# Numbers 19, 20 & 21 :D - welcome home!



## ration1802 (Sep 25, 2007)

I had decided to pick up two boys this weekend from my local pet shop. They are all fully grown and have lived at the shop for their whole life. There is approx 8 there - no boy wants them because they are hooded rats and therefore 'boring' in everyones eyes.

Monday, I reserved two of them. One of them is a total squish-rat - he curls up straight away and starts bruxing. The other was a little live-wire who proceeded to grab my finger in his teeth and try to pull me into the cage! For character alone, I decided to bring him home.

Today I went to collect them, and by complete accident picked up the wrong one. I pulled him out of the tank (he looked petrified bless him) and sat on me and after a couple of minutes started purring (vibrating). I was talking to him about coming home - without realising that the original second I had chosen was sitting at the front of the tank! I popped my hand in to say goodbye to all of them - and the teeth came out again and he started dragging me to the igloo. The pet shop girl fell into hysterics at this point lol. I realised my mistake and I couldn't let the guy in my arms down - so I bought all three home.

Which of course means that the frankencage I've made is now too small! So I have to sort that out at some time this weekend.

But; the boys already have their names;

Number one (the squish rat) - Russell
Number two (the nipper) - James
Number three (the scaredy cat) - Louis

Pics will come when they settle down a little bit - they've only been home half an hour and are currently exploring a Kleenex box!


----------



## rattieluver (Dec 29, 2007)

They sound adorable, I can't wait to see some pictures!


----------



## ration1802 (Sep 25, 2007)

Quick pics - I took maybe 50 - and these are the best. They just will not sit still!!!










Russell










James










Louis

Cute big fat squishy boys


----------



## Emster (Dec 9, 2007)

What cuties!
I love Louis' huge solid black markings down his back and James has got such a lovely face. Is that a small white mark on Russel's head...so cute!

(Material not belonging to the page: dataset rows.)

(* For every nonempty $A\subseteq\mathbb R$ with $|A|<\mathfrak c$ we have $\mathfrak{ss}_e=\mathfrak{ss}_l^A=\mathfrak c$, and for every nonempty finite $B\subseteq\mathbb R$ we have $\mathfrak{ss}_e^\perp=(\mathfrak{ss}_l^{B})^\perp=2$.
   Context: $\mathfrak c=2^{\aleph_0}$. Let $\mathfrak S_{cc}$ be the set of all sequences $\mathbf a=\langle a_i:i\in\omega\rangle$ of rational numbers with $a_i\to0$ such that $\sum_i a_i$ is conditionally convergent (converges to a real number, with the positive terms summing to $+\infty$ and the negative terms to $-\infty$). Let $[\omega]^\omega_\omega$ be the set of infinite coinfinite subsets of $\omega$; for such $X$ with increasing enumeration $\langle i_n\rangle$, $\sum_X\mathbf a$ denotes $\sum_n a_{i_n}$. For $A\subseteq\mathbb R$: $\mathfrak{ss}_l^A$ is the least cardinality of $\mathcal X\subseteq[\omega]^\omega_\omega$ such that every $\mathbf a\in\mathfrak S_{cc}$ has some $X\in\mathcal X$ for which $\sum_X\mathbf a$ converges to a limit in $A$; $(\mathfrak{ss}_l^A)^\perp$ is the least cardinality of $\mathcal A\subseteq\mathfrak S_{cc}$ such that no $X\in[\omega]^\omega_\omega$ has $\sum_X\mathbf a$ converging to a limit in $A$ for all $\mathbf a\in\mathcal A$. $\mathfrak{ss}_e$ is the least cardinality of $\mathcal X\subseteq[\omega]^\omega_\omega$ such that every $\mathbf a\in\mathfrak S_{cc}$ has some $X\in\mathcal X$ for which $\sum_X\mathbf a$ converges to the same limit as $\sum\mathbf a$; $\mathfrak{ss}_e^\perp$ is the least cardinality of $\mathcal A\subseteq\mathfrak S_{cc}$ such that no $X\in[\omega]^\omega_\omega$ has $\sum_X\mathbf a=\sum\mathbf a$ for all $\mathbf a\in\mathcal A$. *)

theory Defs
  imports "HOL-Analysis.Analysis" "HOL-Library.Infinite_Set" "HOL-Library.Equipollence"
begin

definition S_cc :: "(nat \<Rightarrow> rat) set" where
  "S_cc = {a. (\<lambda>i. real_of_rat (a i)) \<longlonglongrightarrow> 0
              \<and> summable (\<lambda>i. real_of_rat (a i))
              \<and> filterlim (\<lambda>n. \<Sum>i<n. max 0 (real_of_rat (a i))) at_top sequentially
              \<and> filterlim (\<lambda>n. \<Sum>i<n. min 0 (real_of_rat (a i))) at_bot sequentially}"

definition infcoinf :: "nat set set" where
  "infcoinf = {X. infinite X \<and> infinite (UNIV - X)}"

definition subsums :: "(nat \<Rightarrow> rat) \<Rightarrow> nat set \<Rightarrow> real \<Rightarrow> bool" where
  "subsums a X L \<longleftrightarrow> (\<lambda>n. real_of_rat (a (enumerate X n))) sums L"

definition good_l :: "real set \<Rightarrow> nat set set \<Rightarrow> bool" where
  "good_l A \<X> \<longleftrightarrow> \<X> \<subseteq> infcoinf \<and> (\<forall>a\<in>S_cc. \<exists>X\<in>\<X>. \<exists>L\<in>A. subsums a X L)"

definition good_e :: "nat set set \<Rightarrow> bool" where
  "good_e \<X> \<longleftrightarrow> \<X> \<subseteq> infcoinf \<and>
     (\<forall>a\<in>S_cc. \<exists>X\<in>\<X>. subsums a X (\<Sum>i. real_of_rat (a i)))"

definition good_l_perp :: "real set \<Rightarrow> (nat \<Rightarrow> rat) set \<Rightarrow> bool" where
  "good_l_perp A \<A> \<longleftrightarrow> \<A> \<subseteq> S_cc \<and>
     \<not> (\<exists>X\<in>infcoinf. \<forall>a\<in>\<A>. \<exists>L\<in>A. subsums a X L)"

How's Ivan getting on by the way? Don't think you've mentioned him since you brought him home


----------



## ration1802 (Sep 25, 2007)

You know; I thought exactly the same things about all three when I bought them home! LOL. Great minds think alike 

Ivan - poor guy's ears aren't doing much better. He's seen the vet twice now and they are baytrilling him up to the eyeballs right now. He's a lovely guy though, he's made solid friends with Andy (my 2 year old singleton) and thanks to him, I've managed to put Mattie, Taz, Ivan and Andy in the same cage!! Soon the new boys will be added (I hope) and after Ray's neuter we'll see if he can rejoin them too.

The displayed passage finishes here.